Ich habe dann meine Abschlüsse nachgeholt, aber es hat sehr lange gedauert, bis ich studieren konnte und in all diesen Jahren war ich immer zwischen Liebe und Hass hergerissen, was meine Mutter angeht. HAbe auch eine Therapie absolviert, um Verzeihen zu lernen. Ich weiß, dass sie nichts dafür kann, wie sie ist und dass sie sicher stark gewesen und mich beschützt hätte, wenn sie "gesund" gewesen wäre. Sie hatte eine miese Kindheit, wurde auch misshandelt, sie kann nichts dafür. Einerseits denke ich auch, dass sie alles getan hat, was sie konnte, und dass man das honorieren muss. Aber ich habe leider viele der "Impf-Komplexe" meiner Mutter mitgenommen ins Erwachsenenleben, ihre enorme Angst vor Behörden und Autoriäten (Ärzte, Anwälte, Lehrer usw.), Autofahren, mich selbst zu behaupten....mittlerweile ist dast alles davon behoben, aber es war nicht leicht, die Vergangenheit abzustreifen.

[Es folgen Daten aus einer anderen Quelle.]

(* Let $\mathcal{S}=\langle\mathcal{L},\vdash\rangle$ be a logic whose signature contains a unary operator $\neg$, and let $\varrho\subseteq\mathcal{P}(\mathcal{L})\times\mathcal{L}$ have finite reach. Then there exist $\alpha,\beta\in\mathcal{L}$ with $\{\alpha,\neg\alpha\}\not\vdash^\varrho\beta$, and there exist $\alpha,\beta\in\mathcal{L}$ with $\{\alpha,\neg\alpha\}\not\vdash^{p\varrho}\beta$; i.e., both companions are paraconsistent with respect to $\neg$.
   Context: A logic is a pair $\langle\mathcal{L},\vdash\rangle$ where $\mathcal{L}$ is the formula algebra over a nonempty set of variables $V$ of some finite signature and $\vdash\subseteq\mathcal{P}(\mathcal{L})\times\mathcal{L}$ is arbitrary. For $\varrho\subseteq\mathcal{P}(\mathcal{L})\times\mathcal{L}$: $\Gamma\vdash^\varrho\alpha$ iff there is $\Delta\subseteq\Gamma$ with $(\Delta,\alpha)\in\varrho$ and $\Delta\vdash\alpha$; $\Gamma\vdash^{p\varrho}\alpha$ iff there is a nonempty $\Delta\subseteq\Gamma$ with $(\Delta,\alpha)\in\varrho$ and $\Delta\vdash\alpha$. A relation $\varrho\subseteq\mathcal{P}(\mathcal{L})\times\mathcal{L}$ has finite reach if for every $\Delta\subseteq\mathcal{L}$ the set $\{\alpha\mid(\Delta,\alpha)\in\varrho\}$ is finite. *)

theory Defs
  imports Main
begin

text \<open>Formulas over variables of type 'v and connectives of type 'c
  (a finite signature is modelled by a finite type 'c together with an arity map).\<close>
datatype ('v, 'c) form = Var 'v | Op 'c "('v, 'c) form list"

fun wf_form :: "('c \<Rightarrow> nat) \<Rightarrow> ('v, 'c) form \<Rightarrow> bool" where
  "wf_form ar (Var v) = True"
| "wf_form ar (Op c as) = (length as = ar c \<and> (\<forall>a\<in>set as. wf_form ar a))"

definition formulas :: "('c \<Rightarrow> nat) \<Rightarrow> ('v, 'c) form set" where
  "formulas ar = {\<phi>. wf_form ar \<phi>}"

definition derives_rho ::
  "('f set \<Rightarrow> 'f \<Rightarrow> bool) \<Rightarrow> ('f set \<times> 'f) set \<Rightarrow> 'f set \<Rightarrow> 'f \<Rightarrow> bool" where
  "derives_rho der \<rho> \<Gamma> \<alpha> = (\<exists>\<Delta>. \<Delta> \<subseteq> \<Gamma> \<and> (\<Delta>, \<alpha>) \<in> \<rho> \<and> der \<Delta> \<alpha>)"

definition derives_prho ::
  "('f set \<Rightarrow> 'f \<Rightarrow> bool) \<Rightarrow> ('f set \<times> 'f) set \<Rightarrow> 'f set \<Rightarrow> 'f \<Rightarrow> bool" where
  "derives_prho der \<rho> \<Gamma> \<alpha> = (\<exists>\<Delta>. \<Delta> \<noteq> {} \<and> \<Delta> \<subseteq> \<Gamma> \<and> (\<Delta>, \<alpha>) \<in> \<rho> \<and> der \<Delta> \<alpha>)"

definition finite_reach :: "('f set \<times> 'f) set \<Rightarrow> bool" where
  "finite_reach \<rho> = (\<forall>\<Delta>. finite {\<alpha>. (\<Delta>, \<alpha>) \<in> \<rho>})"

end

theory Submission
  imports Defs
begin

text \<open>Under a relation of finite reach a finite set of premises has only finitely many
  \<open>\<rho>\<close>-conclusions, since it has only finitely many subsets. A unary connective \<open>c\<close>
  makes the formula algebra infinite, the formulas \<open>c\<^sup>n x\<close> being pairwise distinct.
  Hence for every \<open>\<alpha>\<close> some formula is not a \<open>\<rho>\<close>-consequence of \<open>{\<alpha>, \<not>\<alpha>}\<close>, and
  neither is it a \<open>p\<rho>\<close>-consequence, as \<open>\<turnstile>\<^sup>p\<^sup>\<rho>\<close> is contained in \<open>\<turnstile>\<^sup>\<rho>\<close>.\<close>

primrec iterate_op :: "'c \<Rightarrow> nat \<Rightarrow> 'v \<Rightarrow> ('v, 'c) form" where
  "iterate_op c 0 x = Var x"
| "iterate_op c (Suc n) x = Op c [iterate_op c n x]"

lemma inj_iterate_op: "inj (\<lambda>n. iterate_op c n x)"
proof (rule injI)
  show "iterate_op c m x = iterate_op c n x \<Longrightarrow> m = n" for m n
    by (induction m arbitrary: n) (case_tac n; simp)+
qed

lemma iterate_op_in_formulas: "ar c = 1 \<Longrightarrow> iterate_op c n x \<in> formulas ar"
  by (induction n) (auto simp: formulas_def)

lemma infinite_formulas:
  assumes "ar c = 1"
  shows "infinite (formulas ar :: ('v, 'c) form set)"
proof
  fix x :: 'v
  assume "finite (formulas ar :: ('v, 'c) form set)"
  moreover have "range (\<lambda>n. iterate_op c n x) \<subseteq> formulas ar"
    using iterate_op_in_formulas[of ar c, OF assms] by (rule image_subsetI)
  ultimately have "finite (range (\<lambda>n. iterate_op c n x))"
    by (rule finite_subset[rotated])
  then show False
    using finite_imageD[OF _ inj_iterate_op] infinite_UNIV_nat by simp
qed

lemma derives_prho_imp_derives_rho:
  "derives_prho der \<rho> \<Gamma> \<alpha> \<Longrightarrow> derives_rho der \<rho> \<Gamma> \<alpha>"
  unfolding derives_prho_def derives_rho_def by blast

lemma finite_derives_rho:
  assumes "finite_reach \<rho>" and "finite \<Gamma>"
  shows "finite {\<beta>. derives_rho der \<rho> \<Gamma> \<beta>}"
proof (rule finite_subset)
  show "{\<beta>. derives_rho der \<rho> \<Gamma> \<beta>} \<subseteq> (\<Union>\<Delta>\<in>Pow \<Gamma>. {\<beta>. (\<Delta>, \<beta>) \<in> \<rho>})"
    unfolding derives_rho_def by blast
  show "finite (\<Union>\<Delta>\<in>Pow \<Gamma>. {\<beta>. (\<Delta>, \<beta>) \<in> \<rho>})"
    using assms unfolding finite_reach_def by blast
qed

lemma ex_not_derives_rho:
  assumes "finite_reach \<rho>" and "finite \<Gamma>" and "infinite F"
  shows "\<exists>\<beta>\<in>F. \<not> derives_rho der \<rho> \<Gamma> \<beta>"
proof (rule ccontr)
  assume "\<not> ?thesis"
  then have "F \<subseteq> {\<beta>. derives_rho der \<rho> \<Gamma> \<beta>}" by blast
  then show False
    using finite_derives_rho[OF assms(1,2)] assms(3) finite_subset by blast
qed

theorem corollary3p16:
  fixes ar :: "'c::finite \<Rightarrow> nat"
    and neg :: 'c
    and der :: "('v, 'c) form set \<Rightarrow> ('v, 'c) form \<Rightarrow> bool"
    and \<rho> :: "(('v, 'c) form set \<times> ('v, 'c) form) set"
  assumes neg_unary: "ar neg = 1"
    and der_dom: "\<forall>\<Gamma> \<alpha>. der \<Gamma> \<alpha> \<longrightarrow> \<Gamma> \<subseteq> formulas ar \<and> \<alpha> \<in> formulas ar"
    and rho_dom: "\<rho> \<subseteq> Pow (formulas ar) \<times> formulas ar"
    and reach: "finite_reach \<rho>"
  shows "(\<exists>\<alpha>\<in>formulas ar. \<exists>\<beta>\<in>formulas ar.
            \<not> derives_rho der \<rho> {\<alpha>, Op neg [\<alpha>]} \<beta>)
       \<and> (\<exists>\<alpha>\<in>formulas ar. \<exists>\<beta>\<in>formulas ar.
            \<not> derives_prho der \<rho> {\<alpha>, Op neg [\<alpha>]} \<beta>)"
proof -
  fix x :: 'v
  define \<alpha> :: "('v, 'c) form" where "\<alpha> = Var x"
  have \<alpha>: "\<alpha> \<in> formulas ar"
    by (simp add: \<alpha>_def formulas_def)
  have finite_premises: "finite {\<alpha>, Op neg [\<alpha>]}"
    by simp
  obtain \<beta> where \<beta>: "\<beta> \<in> formulas ar" and not_rho: "\<not> derives_rho der \<rho> {\<alpha>, Op neg [\<alpha>]} \<beta>"
    using ex_not_derives_rho[OF reach finite_premises infinite_formulas[of ar neg, OF neg_unary]]
    by blast
  then have "\<not> derives_prho der \<rho> {\<alpha>, Op neg [\<alpha>]} \<beta>"
    using derives_prho_imp_derives_rho by metis
  with \<alpha> \<beta> not_rho show ?thesis by blast
qed

end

Ich denke häufig in dem Schema, dass ich mich hätte besser entwickeln können, wenn ich nur etwas Rückhalt gehabt hätte und motiviert worden wäre, anstatt die überwiegend negativ besetzte Welt meiner Mutter aufgedrückt zu bekommen.

Ich versuche immer wieder, ihr für diese Schwäche zu verzeihen. Das klappt mal gut, mal schlechter. Es hält sich die Waage. Anders geht es nicht. Vielleicht liegt es daran, dass meine Mutter mich heute noch abwertet, was krankheitsbedingt ist. Sie interessiert sich nicht für mich (hat sie auch noch nie), labert mich am Telefon höchstens mit ihren ganzen Krankheiten voll und jammert und heult. Will also Liebe und Aufmerksamkeit von mir. Das sind so Momente, wo mir der Kragen platzen könnte und ich froh bin, dass ich einigermaßen Selbstbehrrschung habe.

Eine andere Möglichkeit, warum sich die Gefühle Hass-Liebe immer wieder abwechseln bei mir, wenn es um Mama geht, könnte sein, weil ich nie dazu komme, über die ganze Kacke zu reden. Ich würde ihr gerne mal sagen, wie ich mich eigentlich gefühlt habe, und dass die ganze Welt sich eben nicht nur um sie kreist. Oftmals habe ich das auch versucht, aber es geht nicht, verständlicherweise, wegen ihrer Krankheiten. Sie rennt heulend weg und schließt sich ein und ich darf wieder darauf hocken bleiben.

Man trägt auf ewig sein Kreuz allein in so einer Situation, vielleicht ist es auch gut, manchmal Wut zu spüren. Man will sich die Sache ja nicht schön reden. Ich z.B. nutze die Wut als Quelle für kreative Auseinandersetzung mit dem Thema. Hilfe von außen gibt's ja kaum. Der einzige, der Verständnis für mich hat, ist mein Mann, alle anderen können sich da nicht reindenken. Ich höre häufig, man könne doch nicht so eine Einstellung zu seiner Mutter haben, müsse sie doch "noch mehr liebhaben", wenn sie solche Probleme hat usw.

Ich gehe den Mittelweg und akzeptiere, dass Gedanken an meine Mutter eben immer auch mit Wut und Verletzung verbunden sind. Ich äußere diese Wut bei ihr aber nicht und versuche – bestmöglichst – die guten Seiten zu sehen, so dass die Waage wenigstens annäherungsweise (aber keineswegs gänzlich!) im Einklang ist.